I’m a taaannn squuuiiiiiddddd!!!

Okay, not really. I’m a woman who’s been married for 21 years and has had a hell of a day (errands w/T, errands w/Chicken, family picture, dinner & a movie– I’m not in it for the glamour, just the swollen ankles!)

Anyway… I may wax rhapsodic about Mate and how 21 years feels like two, but not tonight. Tonight, I’ve got some Zoomboy gems that I’ve GOT to get down before I forget!

First of all…

Last week, I got a glimpse into the inner workings of Zoomboy’s mind. He’s been talking a lot about marSOOpEEuls and FINALLY I realized he had a school project on them. He was making an EXPERT book– so now he’s an expert on marSOOpEEuls.

I did not realize how much of an expert until he kept asking me to make him an animal.

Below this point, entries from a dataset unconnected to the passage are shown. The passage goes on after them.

(* Let $N\ge1$, let $\phi:H_0(S_N)\to M_N$ be the quotient morphism sending $\pi_i\mapsto \pi_i$, where $M_N$ is the quotient of $H_0(S_N)$ by the relations $\pi_i\pi_{i+1}\pi_i=\pi_i\pi_{i+1}$ ($1\le i\le N-2$), let $\Psi$ be the automorphism of $H_0(S_N)$ with $\Psi(\pi_i)=\pi_{N-i}$, and define $\omega(x)=(\phi(x),\phi(\Psi(x)))$ for $x\in H_0(S_N)$. Then every nonempty fiber $\{w\in S_N:\ \omega(\pi_w)=c\}$ of $\omega$ contains a unique $[4321]$-avoiding permutation.
   Context: $S_N$ is generated by simple transpositions $s_1,\dots,s_{N-1}$; permutations are in one-line notation and composed as functions. $H_0(S_N)$ is generated by $\pi_1,\dots,\pi_{N-1}$ with relations $\pi_i^2=\pi_i$, $\pi_i\pi_j=\pi_j\pi_i$ for $|i-j|\ge2$, $\pi_i\pi_{i+1}\pi_i=\pi_{i+1}\pi_i\pi_{i+1}$; $\pi_w:=\pi_{i_1}\cdots\pi_{i_k}$ for any reduced word $w=s_{i_1}\cdots s_{i_k}$, a bijection $S_N\to H_0(S_N)$. A permutation avoids $[4321]$ if its one-line notation has no decreasing subsequence of length $4$. ($M_N$ is isomorphic to the monoid $\operatorname{NDPF}_N$ of order-preserving regressive maps of $\{1,\dots,N\}$.) *)

theory Defs
  imports "HOL-Combinatorics.Permutations" "HOL-Combinatorics.Transposition"
begin

definition simple_transp :: "nat \<Rightarrow> nat \<Rightarrow> nat" where
  "simple_transp i = transpose i (Suc i)"

definition perm_of_word :: "nat list \<Rightarrow> nat \<Rightarrow> nat" where
  "perm_of_word ws = foldr (\<lambda>i f. simple_transp i \<circ> f) ws id"

definition is_word :: "nat \<Rightarrow> nat list \<Rightarrow> bool" where
  "is_word N ws \<longleftrightarrow> set ws \<subseteq> {1..<N}"

definition reduced_word :: "nat \<Rightarrow> (nat \<Rightarrow> nat) \<Rightarrow> nat list \<Rightarrow> bool" where
  "reduced_word N w ws \<longleftrightarrow> is_word N ws \<and> perm_of_word ws = w \<and>
     (\<forall>vs. is_word N vs \<and> perm_of_word vs = w \<longrightarrow> length ws \<le> length vs)"

text \<open>A chosen reduced word; pi_w = pi_{i_1}...pi_{i_k} for it.\<close>
definition red_word :: "nat \<Rightarrow> (nat \<Rightarrow> nat) \<Rightarrow> nat list" where
  "red_word N w = (SOME ws. reduced_word N w ws)"

inductive M_rel :: "nat \<Rightarrow> nat list \<Rightarrow> nat list \<Rightarrow> bool" for N :: nat where
  idem: "1 \<le> i \<Longrightarrow> i < N \<Longrightarrow> M_rel N [i, i] [i]"
| comm: "1 \<le> i \<Longrightarrow> i < N \<Longrightarrow> 1 \<le> j \<Longrightarrow> j < N \<Longrightarrow> i + 2 \<le> j \<or> j + 2 \<le> i
          \<Longrightarrow> M_rel N [i, j] [j, i]"
| braid: "1 \<le> i \<Longrightarrow> i + 1 < N \<Longrightarrow> M_rel N [i, i + 1, i] [i + 1, i, i + 1]"
| extra: "1 \<le> i \<Longrightarrow> i + 1 < N \<Longrightarrow> M_rel N [i, i + 1, i] [i, i + 1]"

definition M_step :: "nat \<Rightarrow> nat list \<Rightarrow> nat list \<Rightarrow> bool" where
  "M_step N u v \<longleftrightarrow> (\<exists>a b x y. u = a @ x @ b \<and> v = a @ y @ b \<and> (M_rel N x y \<or> M_rel N y x))"

definition M_cong :: "nat \<Rightarrow> nat list \<Rightarrow> nat list \<Rightarrow> bool" where
  "M_cong N = (M_step N)\<^sup>*\<^sup>*"

text \<open>The element of M_N represented by a word (its congruence class).\<close>
definition M_class :: "nat \<Rightarrow> nat list \<Rightarrow> nat list set" where
  "M_class N ws = {vs. M_cong N ws vs}"

definition Psi_word :: "nat \<Rightarrow> nat list \<Rightarrow> nat list" where
  "Psi_word N ws = map (\<lambda>i. N - i) ws"

definition omega :: "nat \<Rightarrow> (nat \<Rightarrow> nat) \<Rightarrow> nat list set \<times> nat list set" where
  "omega N w = (M_class N (red_word N w), M_class N (Psi_word N (red_word N w)))"

definition avoids_4321 :: "nat \<Rightarrow> (nat \<Rightarrow> nat) \<Rightarrow> bool" where
  "avoids_4321 N w \<longleftrightarrow> \<not> (\<exists>i j k l. 1 \<le> i \<and> i < j \<and> j < k \<and> k < l \<and> l \<le> N \<and>
       w i > w j \<and> w j > w k \<and> w k > w l)"

end

theory Submission
  imports Defs
begin

text \<open>The monoid \<open>M\<^sub>N\<close> acts faithfully on \<open>{1..N}\<close>, \<open>\<pi>\<^sub>i\<close> sending \<open>i + 1\<close> to \<open>i\<close>; faithfulness
  follows from a normal form for words. For a reduced word of \<open>w\<close> the resulting map is
  \<open>x \<mapsto> min w{x..N}\<close>, and \<open>\<Psi>\<close> amounts to conjugating \<open>w\<close> by the reversal \<open>x \<mapsto> N + 1 - x\<close>,
  so \<open>\<omega>(\<pi>\<^sub>w)\<close> records exactly the suffix minima and the prefix maxima of \<open>w\<close>.
  Two \<open>4321\<close>-avoiding permutations with the same such records coincide: at the first
  position where they differ, the records produce a \<open>4321\<close> pattern in one of them.
  In every fibre a permutation maximising \<open>\<Sum>x \<cdot> w(x)\<close> avoids \<open>4321\<close>, because swapping
  the two middle entries of a \<open>4321\<close> pattern keeps the records and increases the sum.\<close>

section \<open>The congruence presenting \<open>M\<^sub>N\<close>\<close>

lemma M_cong_refl [simp]: "M_cong N u u"
  by (simp add: M_cong_def)

lemma M_cong_trans [trans]: "M_cong N u v \<Longrightarrow> M_cong N v w \<Longrightarrow> M_cong N u w"
  unfolding M_cong_def by (rule rtranclp_trans)

lemma M_cong_sym: "M_cong N u v \<Longrightarrow> M_cong N v u"
  unfolding M_cong_def
proof (induction rule: rtranclp_induct)
  case (step v w)
  then have "M_step N w v"
    unfolding M_step_def by blast
  then show ?case
    using step.IH by (rule converse_rtranclp_into_rtranclp)
qed simp

lemma M_rel_imp_M_cong: "M_rel N x y \<Longrightarrow> M_cong N x y"
  unfolding M_cong_def M_step_def
  by (intro r_into_rtranclp) (metis append.left_neutral append.right_neutral)

lemma M_cong_context: "M_cong N u v \<Longrightarrow> M_cong N (a @ u @ b) (a @ v @ b)"
  unfolding M_cong_def
proof (induction rule: rtranclp_induct)
  case (step v w)
  then obtain a' b' x y where "v = a' @ x @ b'" "w = a' @ y @ b'" and rel: "M_rel N x y \<or> M_rel N y x"
    unfolding M_step_def by blast
  then have "a @ v @ b = (a @ a') @ x @ (b' @ b)" "a @ w @ b = (a @ a') @ y @ (b' @ b)"
    by simp_all
  with rel have "M_step N (a @ v @ b) (a @ w @ b)"
    unfolding M_step_def by blast
  with step.IH show ?case
    by (rule rtranclp.rtrancl_into_rtrancl)
qed simp

lemma M_cong_append_left: "M_cong N u v \<Longrightarrow> M_cong N (a @ u) (a @ v)"
  using M_cong_context[of N u v a "[]"] by simp

lemma M_cong_append_right: "M_cong N u v \<Longrightarrow> M_cong N (u @ b) (v @ b)"
  using M_cong_context[of N u v "[]" b] by simp

lemma M_class_eq_iff: "M_class N u = M_class N v \<longleftrightarrow> M_cong N u v"
proof
  assume "M_class N u = M_class N v"
  then have "v \<in> M_class N u"
    by (simp add: M_class_def)
  then show "M_cong N u v"
    by (simp add: M_class_def)
next
  assume "M_cong N u v"
  then have "M_cong N u w \<longleftrightarrow> M_cong N v w" for w
    using M_cong_sym M_cong_trans by blast
  then show "M_class N u = M_class N v"
    unfolding M_class_def by blast
qed

definition commuting_letters :: "nat \<Rightarrow> nat \<Rightarrow> nat \<Rightarrow> bool" where
  "commuting_letters N k j \<longleftrightarrow> 1 \<le> k \<and> k < N \<and> 1 \<le> j \<and> j < N \<and> (k + 2 \<le> j \<or> j + 2 \<le> k)"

“Mom– make me an animal! What kind of animal am I?”

“A kangaroo.”

“I was a kangaroo yesterday. Make me another animal.”

“A possum.”

“I was a possum last week. Make me another animal.”

“A wombat.”

“MOMMM! I’m TIRED of being a marSOOpEEul… make me ANOTHER kind of mammal!”

“Wombats are marsupials?”

“Of course they are! That’s why they’re in my book!”

I did not know. And now I do.

So the other day, when we were in the pool, Zoomboy decided he was tired of being mammals and he would be an invertebrate. “Mom, I’m a squid!”

“Okay– you’re a squid.”

Shortly after this, Chicken and I were talking about sunblock– we’d forgotten it for Squish, and I was worried about her turning into a strawberry fritter (which she did, btw, but not too strawberry.)

“Mom, do I need sunblock?”

“No, Zoomboy, you tan.”

“Oh good. I’m a TAN SQUID!”

Now you have to say these two words REALLY LOUD to figure out how funny they really are! But the final conclusion was that we were happier being a TAN SQUID than a BEIGE MARSOOPEEUL… because ‘tan’ was cool… but ‘beige’ was boring, like the guy on TV!

And that brings me to the family photo.

There we were, taking the family photo, and he was STRATOSPHERIC with extra energy. Finally, in an effort to get him to concentrate on the camera, I said, “Okay, everyone– look at the camera and say “I am a TAN SQUID!”

Well, it didn’t work– half the pictures were something out of a sitcom “My family is so weird this is our family photo” montage… but he was very proud of himself.

So, there you go, folks. I’ve been married for 21 years… and my son is a TAN SQUID!